**Stored data:**
###

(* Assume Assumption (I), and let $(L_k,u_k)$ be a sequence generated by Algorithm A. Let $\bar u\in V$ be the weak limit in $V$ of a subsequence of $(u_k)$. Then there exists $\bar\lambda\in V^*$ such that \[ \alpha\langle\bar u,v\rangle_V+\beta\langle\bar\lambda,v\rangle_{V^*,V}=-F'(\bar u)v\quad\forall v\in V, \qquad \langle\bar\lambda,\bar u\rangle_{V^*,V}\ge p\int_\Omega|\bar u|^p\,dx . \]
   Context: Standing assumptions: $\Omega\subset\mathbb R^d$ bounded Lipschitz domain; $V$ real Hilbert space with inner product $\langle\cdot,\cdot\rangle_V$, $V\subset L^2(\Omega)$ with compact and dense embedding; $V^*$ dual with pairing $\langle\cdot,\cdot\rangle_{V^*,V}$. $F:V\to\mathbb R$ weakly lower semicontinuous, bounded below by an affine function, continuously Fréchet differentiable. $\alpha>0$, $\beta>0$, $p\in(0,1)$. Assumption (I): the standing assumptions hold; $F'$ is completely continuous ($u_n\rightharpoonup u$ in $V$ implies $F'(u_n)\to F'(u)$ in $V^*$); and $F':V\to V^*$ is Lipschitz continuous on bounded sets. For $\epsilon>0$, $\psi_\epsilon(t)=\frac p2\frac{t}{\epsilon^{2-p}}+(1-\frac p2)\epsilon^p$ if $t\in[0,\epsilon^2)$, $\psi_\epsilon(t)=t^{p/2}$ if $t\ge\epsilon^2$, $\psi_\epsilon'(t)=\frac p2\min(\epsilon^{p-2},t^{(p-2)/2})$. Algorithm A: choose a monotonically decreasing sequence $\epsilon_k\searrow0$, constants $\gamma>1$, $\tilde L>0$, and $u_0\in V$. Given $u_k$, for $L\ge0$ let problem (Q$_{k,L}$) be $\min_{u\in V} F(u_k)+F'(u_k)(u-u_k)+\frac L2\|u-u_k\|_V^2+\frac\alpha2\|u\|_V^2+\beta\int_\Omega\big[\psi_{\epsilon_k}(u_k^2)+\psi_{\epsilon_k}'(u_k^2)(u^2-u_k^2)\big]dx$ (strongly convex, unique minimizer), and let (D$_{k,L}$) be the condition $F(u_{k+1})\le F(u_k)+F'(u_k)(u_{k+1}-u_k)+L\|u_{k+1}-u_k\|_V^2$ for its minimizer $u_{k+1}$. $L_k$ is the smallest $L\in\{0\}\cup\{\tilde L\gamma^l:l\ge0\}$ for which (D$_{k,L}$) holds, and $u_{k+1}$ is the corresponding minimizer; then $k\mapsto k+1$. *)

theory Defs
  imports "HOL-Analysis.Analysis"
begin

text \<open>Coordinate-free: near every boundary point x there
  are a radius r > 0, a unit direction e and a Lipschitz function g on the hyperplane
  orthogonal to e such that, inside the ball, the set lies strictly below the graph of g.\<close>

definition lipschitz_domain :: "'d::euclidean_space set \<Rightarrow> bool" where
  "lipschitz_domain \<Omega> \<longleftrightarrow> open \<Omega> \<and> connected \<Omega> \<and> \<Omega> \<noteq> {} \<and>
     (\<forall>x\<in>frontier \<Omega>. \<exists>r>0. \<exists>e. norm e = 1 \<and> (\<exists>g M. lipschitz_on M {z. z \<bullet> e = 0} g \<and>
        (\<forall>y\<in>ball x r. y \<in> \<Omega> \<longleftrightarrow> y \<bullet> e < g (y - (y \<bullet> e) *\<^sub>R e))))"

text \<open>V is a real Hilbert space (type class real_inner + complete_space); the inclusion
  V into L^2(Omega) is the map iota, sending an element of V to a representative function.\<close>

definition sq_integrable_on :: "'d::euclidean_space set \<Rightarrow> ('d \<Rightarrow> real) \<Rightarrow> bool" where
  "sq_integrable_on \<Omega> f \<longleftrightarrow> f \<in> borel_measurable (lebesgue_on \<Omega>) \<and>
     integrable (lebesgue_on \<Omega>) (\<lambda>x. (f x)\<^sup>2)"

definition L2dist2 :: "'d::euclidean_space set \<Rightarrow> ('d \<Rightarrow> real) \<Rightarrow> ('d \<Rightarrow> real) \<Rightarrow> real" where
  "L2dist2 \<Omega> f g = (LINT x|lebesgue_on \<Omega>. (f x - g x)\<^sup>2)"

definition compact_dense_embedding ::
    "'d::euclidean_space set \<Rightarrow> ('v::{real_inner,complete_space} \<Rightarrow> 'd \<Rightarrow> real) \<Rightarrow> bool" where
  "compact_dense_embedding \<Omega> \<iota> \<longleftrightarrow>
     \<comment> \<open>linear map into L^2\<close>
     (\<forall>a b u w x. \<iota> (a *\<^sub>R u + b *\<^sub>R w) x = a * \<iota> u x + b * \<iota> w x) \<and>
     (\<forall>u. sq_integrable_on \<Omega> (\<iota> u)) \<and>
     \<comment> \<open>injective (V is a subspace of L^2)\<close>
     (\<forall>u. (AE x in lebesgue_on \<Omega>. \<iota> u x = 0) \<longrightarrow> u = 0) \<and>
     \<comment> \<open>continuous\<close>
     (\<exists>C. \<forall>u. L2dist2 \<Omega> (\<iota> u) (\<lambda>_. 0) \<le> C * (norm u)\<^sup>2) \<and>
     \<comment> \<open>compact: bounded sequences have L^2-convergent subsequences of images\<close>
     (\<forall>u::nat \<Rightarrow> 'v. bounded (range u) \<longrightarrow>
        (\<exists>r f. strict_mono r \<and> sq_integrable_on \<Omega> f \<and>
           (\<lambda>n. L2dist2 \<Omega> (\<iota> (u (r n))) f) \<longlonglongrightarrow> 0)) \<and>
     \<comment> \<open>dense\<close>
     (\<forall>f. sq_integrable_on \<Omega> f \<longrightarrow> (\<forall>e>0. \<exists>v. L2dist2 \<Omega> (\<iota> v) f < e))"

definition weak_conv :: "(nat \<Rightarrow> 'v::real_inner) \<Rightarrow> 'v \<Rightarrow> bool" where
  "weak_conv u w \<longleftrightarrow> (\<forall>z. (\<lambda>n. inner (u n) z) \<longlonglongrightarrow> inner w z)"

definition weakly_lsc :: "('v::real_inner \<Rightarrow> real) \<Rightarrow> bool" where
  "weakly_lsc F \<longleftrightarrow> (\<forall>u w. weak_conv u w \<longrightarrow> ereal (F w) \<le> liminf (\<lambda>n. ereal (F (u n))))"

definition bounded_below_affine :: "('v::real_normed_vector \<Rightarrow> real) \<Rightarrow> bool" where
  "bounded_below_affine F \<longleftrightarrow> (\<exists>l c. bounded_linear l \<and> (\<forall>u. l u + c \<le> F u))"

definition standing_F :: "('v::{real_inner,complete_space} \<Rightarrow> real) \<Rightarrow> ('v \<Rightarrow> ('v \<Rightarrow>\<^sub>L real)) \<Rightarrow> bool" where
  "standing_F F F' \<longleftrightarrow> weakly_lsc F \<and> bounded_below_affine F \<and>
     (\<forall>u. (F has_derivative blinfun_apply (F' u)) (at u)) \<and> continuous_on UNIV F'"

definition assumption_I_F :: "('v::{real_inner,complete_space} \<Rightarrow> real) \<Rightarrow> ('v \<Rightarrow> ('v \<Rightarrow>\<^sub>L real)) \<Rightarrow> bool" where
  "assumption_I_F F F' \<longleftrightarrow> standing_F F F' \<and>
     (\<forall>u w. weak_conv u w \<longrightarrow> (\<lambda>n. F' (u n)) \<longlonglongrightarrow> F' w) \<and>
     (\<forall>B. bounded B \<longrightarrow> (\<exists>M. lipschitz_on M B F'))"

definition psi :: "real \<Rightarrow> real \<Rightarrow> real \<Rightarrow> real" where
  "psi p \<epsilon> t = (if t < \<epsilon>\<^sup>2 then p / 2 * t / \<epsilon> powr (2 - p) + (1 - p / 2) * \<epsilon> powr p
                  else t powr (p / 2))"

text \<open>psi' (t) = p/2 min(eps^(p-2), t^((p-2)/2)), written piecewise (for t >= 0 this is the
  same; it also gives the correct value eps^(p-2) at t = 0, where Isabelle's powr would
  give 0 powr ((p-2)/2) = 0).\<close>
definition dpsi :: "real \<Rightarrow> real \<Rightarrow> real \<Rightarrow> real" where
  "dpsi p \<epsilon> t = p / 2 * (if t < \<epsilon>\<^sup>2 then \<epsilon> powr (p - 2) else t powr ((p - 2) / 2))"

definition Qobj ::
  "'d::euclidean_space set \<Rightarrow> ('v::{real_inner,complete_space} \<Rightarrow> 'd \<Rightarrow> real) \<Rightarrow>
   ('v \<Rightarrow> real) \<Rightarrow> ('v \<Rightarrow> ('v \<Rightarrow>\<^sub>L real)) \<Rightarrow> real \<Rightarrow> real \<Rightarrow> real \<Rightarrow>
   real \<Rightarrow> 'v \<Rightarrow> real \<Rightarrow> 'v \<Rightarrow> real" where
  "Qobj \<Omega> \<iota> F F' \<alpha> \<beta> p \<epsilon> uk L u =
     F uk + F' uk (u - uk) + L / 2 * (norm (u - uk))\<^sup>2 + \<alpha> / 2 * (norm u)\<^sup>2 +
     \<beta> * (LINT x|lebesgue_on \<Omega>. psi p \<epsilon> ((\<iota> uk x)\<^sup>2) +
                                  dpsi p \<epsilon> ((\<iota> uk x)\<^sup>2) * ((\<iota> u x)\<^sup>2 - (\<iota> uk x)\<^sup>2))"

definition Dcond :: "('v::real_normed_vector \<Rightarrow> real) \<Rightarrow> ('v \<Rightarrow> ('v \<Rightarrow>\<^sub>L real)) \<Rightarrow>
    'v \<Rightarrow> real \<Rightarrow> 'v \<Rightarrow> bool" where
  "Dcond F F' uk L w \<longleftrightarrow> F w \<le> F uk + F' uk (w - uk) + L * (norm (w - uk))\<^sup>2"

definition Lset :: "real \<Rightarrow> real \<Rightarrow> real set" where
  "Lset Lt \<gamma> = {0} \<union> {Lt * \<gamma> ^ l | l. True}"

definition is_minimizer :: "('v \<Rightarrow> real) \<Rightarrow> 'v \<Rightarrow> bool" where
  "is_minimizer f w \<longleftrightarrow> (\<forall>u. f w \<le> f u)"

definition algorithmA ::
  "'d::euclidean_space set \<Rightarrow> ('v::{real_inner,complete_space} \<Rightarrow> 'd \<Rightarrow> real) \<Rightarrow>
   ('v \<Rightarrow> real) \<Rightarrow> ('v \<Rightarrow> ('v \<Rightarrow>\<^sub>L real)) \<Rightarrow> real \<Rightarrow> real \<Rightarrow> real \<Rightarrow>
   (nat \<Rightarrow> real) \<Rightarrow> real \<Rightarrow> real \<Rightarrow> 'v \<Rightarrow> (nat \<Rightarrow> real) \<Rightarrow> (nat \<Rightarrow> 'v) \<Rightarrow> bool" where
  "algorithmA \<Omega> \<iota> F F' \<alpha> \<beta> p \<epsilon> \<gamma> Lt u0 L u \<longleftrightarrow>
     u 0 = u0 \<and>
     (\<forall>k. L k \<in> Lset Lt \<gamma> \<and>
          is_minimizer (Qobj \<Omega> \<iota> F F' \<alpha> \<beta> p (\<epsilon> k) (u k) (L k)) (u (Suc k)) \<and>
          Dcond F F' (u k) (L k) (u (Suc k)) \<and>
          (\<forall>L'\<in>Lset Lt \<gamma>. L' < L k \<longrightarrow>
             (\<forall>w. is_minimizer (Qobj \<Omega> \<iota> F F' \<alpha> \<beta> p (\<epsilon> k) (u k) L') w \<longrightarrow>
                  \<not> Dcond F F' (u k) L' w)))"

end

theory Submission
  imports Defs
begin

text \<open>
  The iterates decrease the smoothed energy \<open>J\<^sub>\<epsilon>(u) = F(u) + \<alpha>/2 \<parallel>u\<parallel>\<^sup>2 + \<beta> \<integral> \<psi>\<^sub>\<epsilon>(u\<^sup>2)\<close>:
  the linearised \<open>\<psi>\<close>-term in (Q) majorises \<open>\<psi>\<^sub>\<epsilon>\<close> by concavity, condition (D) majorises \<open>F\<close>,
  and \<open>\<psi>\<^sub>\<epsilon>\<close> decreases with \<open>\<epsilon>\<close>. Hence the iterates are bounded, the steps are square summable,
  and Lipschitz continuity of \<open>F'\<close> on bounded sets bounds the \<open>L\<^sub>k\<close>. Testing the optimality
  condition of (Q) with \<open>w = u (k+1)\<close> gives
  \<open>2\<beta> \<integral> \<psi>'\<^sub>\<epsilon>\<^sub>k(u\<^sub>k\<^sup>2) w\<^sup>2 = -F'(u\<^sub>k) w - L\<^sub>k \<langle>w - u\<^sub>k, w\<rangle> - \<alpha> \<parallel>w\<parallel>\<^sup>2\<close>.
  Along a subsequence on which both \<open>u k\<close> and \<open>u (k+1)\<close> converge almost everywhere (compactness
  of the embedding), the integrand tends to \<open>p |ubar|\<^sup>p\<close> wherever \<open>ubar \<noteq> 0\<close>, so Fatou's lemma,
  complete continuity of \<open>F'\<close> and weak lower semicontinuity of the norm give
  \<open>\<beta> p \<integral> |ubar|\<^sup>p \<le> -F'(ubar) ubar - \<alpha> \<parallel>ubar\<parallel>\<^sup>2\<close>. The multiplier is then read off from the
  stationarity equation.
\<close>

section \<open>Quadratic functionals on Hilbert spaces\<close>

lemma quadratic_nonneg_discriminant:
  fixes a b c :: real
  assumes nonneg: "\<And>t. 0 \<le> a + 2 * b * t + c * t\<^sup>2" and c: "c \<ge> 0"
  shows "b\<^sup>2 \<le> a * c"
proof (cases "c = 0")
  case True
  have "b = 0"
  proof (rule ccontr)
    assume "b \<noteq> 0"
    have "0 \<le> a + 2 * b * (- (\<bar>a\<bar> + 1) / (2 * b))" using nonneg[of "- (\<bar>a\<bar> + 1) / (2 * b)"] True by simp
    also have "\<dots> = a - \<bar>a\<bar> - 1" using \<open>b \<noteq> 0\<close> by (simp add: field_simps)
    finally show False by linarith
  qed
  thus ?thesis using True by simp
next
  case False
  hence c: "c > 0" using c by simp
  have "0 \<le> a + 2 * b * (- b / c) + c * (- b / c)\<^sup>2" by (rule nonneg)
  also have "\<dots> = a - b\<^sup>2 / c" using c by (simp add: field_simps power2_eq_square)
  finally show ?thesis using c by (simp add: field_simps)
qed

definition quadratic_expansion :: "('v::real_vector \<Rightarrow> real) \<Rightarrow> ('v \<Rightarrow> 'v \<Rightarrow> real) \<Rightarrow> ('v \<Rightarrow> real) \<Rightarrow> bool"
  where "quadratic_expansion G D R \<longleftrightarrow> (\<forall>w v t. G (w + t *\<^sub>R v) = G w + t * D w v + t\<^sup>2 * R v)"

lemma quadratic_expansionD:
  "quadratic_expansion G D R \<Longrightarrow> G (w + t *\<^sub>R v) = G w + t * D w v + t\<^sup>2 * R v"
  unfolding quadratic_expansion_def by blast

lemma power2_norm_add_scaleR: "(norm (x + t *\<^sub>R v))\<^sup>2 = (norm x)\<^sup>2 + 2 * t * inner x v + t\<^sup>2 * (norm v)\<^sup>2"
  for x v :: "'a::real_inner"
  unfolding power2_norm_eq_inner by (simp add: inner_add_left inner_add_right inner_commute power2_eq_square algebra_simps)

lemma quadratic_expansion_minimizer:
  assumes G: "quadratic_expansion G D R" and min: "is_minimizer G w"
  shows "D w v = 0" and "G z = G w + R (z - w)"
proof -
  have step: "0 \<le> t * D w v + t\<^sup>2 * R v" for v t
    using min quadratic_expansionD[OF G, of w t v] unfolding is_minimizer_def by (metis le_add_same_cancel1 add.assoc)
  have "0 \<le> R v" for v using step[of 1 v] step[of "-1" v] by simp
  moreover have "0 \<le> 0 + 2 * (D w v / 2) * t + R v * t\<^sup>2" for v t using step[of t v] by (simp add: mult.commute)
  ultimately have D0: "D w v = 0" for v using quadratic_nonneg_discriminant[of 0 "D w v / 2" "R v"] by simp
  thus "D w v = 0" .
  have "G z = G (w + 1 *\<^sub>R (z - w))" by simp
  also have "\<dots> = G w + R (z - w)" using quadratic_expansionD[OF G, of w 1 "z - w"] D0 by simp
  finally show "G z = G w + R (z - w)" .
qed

###

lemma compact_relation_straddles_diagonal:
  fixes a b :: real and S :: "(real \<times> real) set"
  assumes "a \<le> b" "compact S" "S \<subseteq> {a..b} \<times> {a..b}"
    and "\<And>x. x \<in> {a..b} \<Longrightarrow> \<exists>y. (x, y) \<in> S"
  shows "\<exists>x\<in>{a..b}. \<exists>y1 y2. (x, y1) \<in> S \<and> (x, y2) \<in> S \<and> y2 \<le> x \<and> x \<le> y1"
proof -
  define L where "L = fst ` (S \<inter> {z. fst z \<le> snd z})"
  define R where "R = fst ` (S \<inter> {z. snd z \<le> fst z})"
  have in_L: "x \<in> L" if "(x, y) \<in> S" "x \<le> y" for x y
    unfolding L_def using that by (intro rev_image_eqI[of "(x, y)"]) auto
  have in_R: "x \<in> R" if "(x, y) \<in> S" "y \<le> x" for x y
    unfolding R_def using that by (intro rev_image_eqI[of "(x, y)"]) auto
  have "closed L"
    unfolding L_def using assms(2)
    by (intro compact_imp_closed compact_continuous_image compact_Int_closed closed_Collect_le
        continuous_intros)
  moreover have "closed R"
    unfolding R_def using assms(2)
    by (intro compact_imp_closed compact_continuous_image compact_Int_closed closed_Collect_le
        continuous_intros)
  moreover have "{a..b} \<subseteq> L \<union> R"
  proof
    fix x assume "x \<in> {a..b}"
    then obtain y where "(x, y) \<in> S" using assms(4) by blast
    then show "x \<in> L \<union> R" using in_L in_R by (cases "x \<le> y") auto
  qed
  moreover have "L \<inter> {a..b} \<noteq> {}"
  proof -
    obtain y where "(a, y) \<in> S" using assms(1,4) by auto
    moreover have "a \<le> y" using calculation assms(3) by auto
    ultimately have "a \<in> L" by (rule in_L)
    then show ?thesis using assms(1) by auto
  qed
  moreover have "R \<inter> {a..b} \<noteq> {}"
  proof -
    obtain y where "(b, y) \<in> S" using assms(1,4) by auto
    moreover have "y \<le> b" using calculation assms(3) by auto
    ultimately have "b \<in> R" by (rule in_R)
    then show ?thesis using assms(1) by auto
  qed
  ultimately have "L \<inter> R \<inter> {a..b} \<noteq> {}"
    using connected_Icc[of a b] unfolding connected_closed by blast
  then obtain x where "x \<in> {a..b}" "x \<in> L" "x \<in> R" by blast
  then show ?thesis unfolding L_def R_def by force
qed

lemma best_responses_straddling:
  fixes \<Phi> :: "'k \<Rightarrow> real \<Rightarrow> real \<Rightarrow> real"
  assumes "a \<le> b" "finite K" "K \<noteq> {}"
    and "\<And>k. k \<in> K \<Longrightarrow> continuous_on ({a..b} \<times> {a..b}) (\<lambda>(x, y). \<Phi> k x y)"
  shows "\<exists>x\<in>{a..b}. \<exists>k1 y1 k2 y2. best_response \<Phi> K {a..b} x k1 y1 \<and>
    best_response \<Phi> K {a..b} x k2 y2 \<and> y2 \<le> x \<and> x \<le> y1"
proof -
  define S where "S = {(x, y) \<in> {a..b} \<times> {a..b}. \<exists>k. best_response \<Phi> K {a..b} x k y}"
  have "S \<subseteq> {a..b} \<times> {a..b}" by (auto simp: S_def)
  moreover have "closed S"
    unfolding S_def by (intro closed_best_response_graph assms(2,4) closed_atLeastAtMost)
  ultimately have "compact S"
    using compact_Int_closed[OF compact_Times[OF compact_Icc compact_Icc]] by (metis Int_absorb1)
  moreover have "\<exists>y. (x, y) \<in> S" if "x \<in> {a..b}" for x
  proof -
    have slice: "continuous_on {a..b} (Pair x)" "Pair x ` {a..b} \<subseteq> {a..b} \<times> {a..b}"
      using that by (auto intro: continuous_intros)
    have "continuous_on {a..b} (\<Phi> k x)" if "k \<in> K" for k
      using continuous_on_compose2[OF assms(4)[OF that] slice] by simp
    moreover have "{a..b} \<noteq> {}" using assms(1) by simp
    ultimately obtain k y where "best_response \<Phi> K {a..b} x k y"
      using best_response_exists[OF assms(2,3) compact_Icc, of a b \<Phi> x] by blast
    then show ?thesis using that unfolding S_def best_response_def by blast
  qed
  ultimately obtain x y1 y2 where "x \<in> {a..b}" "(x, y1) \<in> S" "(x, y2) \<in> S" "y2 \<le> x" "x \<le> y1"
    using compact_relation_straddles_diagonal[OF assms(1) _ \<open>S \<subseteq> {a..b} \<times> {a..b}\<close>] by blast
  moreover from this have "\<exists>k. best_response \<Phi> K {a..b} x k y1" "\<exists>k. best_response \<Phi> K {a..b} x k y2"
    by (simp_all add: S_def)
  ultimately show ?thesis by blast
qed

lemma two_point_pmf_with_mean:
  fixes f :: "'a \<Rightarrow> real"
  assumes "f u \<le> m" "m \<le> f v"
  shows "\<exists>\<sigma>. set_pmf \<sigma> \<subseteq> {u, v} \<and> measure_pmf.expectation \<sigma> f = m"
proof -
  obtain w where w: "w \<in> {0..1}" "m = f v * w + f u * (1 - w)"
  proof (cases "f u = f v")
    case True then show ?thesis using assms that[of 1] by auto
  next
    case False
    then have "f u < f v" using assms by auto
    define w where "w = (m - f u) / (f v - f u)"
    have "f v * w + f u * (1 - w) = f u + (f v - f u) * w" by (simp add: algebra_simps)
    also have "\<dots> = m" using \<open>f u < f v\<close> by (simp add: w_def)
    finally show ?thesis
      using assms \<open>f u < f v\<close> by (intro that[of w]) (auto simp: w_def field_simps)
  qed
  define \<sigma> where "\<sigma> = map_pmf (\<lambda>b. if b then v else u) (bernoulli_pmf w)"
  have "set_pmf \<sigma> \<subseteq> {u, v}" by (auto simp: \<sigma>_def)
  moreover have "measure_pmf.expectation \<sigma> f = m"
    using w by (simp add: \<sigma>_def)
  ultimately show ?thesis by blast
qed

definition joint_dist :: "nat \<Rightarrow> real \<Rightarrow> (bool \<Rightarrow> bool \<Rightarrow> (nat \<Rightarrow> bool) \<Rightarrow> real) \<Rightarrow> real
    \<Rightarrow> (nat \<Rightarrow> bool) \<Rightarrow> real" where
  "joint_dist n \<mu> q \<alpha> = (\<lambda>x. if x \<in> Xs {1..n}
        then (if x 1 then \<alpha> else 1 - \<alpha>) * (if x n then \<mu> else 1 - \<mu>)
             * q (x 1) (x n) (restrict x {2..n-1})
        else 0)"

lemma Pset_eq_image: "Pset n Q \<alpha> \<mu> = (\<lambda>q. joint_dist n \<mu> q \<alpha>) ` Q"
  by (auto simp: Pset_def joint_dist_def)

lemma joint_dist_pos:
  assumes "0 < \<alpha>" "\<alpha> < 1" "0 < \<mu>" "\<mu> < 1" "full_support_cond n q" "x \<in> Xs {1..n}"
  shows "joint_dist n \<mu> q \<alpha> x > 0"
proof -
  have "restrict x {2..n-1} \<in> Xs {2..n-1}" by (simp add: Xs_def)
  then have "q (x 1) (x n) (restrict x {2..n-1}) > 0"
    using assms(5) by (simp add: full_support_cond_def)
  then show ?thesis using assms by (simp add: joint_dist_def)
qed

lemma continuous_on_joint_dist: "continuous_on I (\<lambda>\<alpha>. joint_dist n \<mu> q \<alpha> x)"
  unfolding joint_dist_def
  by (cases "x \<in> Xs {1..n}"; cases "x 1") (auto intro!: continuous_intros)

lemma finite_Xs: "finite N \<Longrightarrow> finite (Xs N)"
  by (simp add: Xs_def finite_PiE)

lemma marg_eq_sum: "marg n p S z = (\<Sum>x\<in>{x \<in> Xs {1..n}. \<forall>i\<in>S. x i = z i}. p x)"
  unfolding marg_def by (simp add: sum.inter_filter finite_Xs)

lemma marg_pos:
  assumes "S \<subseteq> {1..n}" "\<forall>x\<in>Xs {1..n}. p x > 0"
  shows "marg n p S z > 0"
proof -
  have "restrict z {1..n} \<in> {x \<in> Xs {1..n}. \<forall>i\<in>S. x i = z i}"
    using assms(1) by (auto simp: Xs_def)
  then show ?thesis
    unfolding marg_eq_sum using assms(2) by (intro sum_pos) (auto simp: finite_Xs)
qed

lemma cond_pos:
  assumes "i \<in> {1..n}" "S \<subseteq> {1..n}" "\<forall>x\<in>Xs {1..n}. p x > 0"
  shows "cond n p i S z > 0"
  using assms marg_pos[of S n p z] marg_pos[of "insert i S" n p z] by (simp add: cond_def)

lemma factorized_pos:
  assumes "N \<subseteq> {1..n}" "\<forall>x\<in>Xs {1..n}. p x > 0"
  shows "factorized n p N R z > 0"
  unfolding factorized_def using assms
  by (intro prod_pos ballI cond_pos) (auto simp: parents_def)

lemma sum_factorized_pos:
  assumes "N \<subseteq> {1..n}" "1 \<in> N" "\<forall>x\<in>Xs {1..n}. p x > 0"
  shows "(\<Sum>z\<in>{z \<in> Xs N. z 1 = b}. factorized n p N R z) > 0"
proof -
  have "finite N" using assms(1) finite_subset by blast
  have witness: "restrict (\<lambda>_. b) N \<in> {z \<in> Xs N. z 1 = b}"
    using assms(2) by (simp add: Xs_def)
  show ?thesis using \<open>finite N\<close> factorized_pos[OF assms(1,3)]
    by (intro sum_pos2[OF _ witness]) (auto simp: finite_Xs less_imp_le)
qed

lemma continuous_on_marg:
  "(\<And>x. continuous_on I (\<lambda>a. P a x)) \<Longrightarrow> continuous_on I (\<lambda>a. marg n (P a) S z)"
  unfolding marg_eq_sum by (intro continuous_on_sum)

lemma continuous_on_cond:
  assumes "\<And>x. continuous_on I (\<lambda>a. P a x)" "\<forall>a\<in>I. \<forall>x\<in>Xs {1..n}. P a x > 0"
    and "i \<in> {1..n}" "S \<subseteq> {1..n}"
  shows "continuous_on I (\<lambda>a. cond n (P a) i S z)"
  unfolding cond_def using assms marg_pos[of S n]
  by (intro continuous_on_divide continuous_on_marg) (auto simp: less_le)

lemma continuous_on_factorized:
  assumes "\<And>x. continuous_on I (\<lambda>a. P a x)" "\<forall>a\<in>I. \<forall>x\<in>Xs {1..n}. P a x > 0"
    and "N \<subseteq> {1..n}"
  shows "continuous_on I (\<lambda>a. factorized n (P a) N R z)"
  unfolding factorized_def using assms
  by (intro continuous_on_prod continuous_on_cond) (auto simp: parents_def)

###

**Your assignment:**
Please go through the data and copy each line containing the word "witness".

**Answer:**
  have witness: "restrict (\<lambda>_. b) N \<in> {z \<in> Xs N. z 1 = b}"
    by (intro sum_pos2[OF _ witness]) (auto simp: finite_Xs less_imp_le)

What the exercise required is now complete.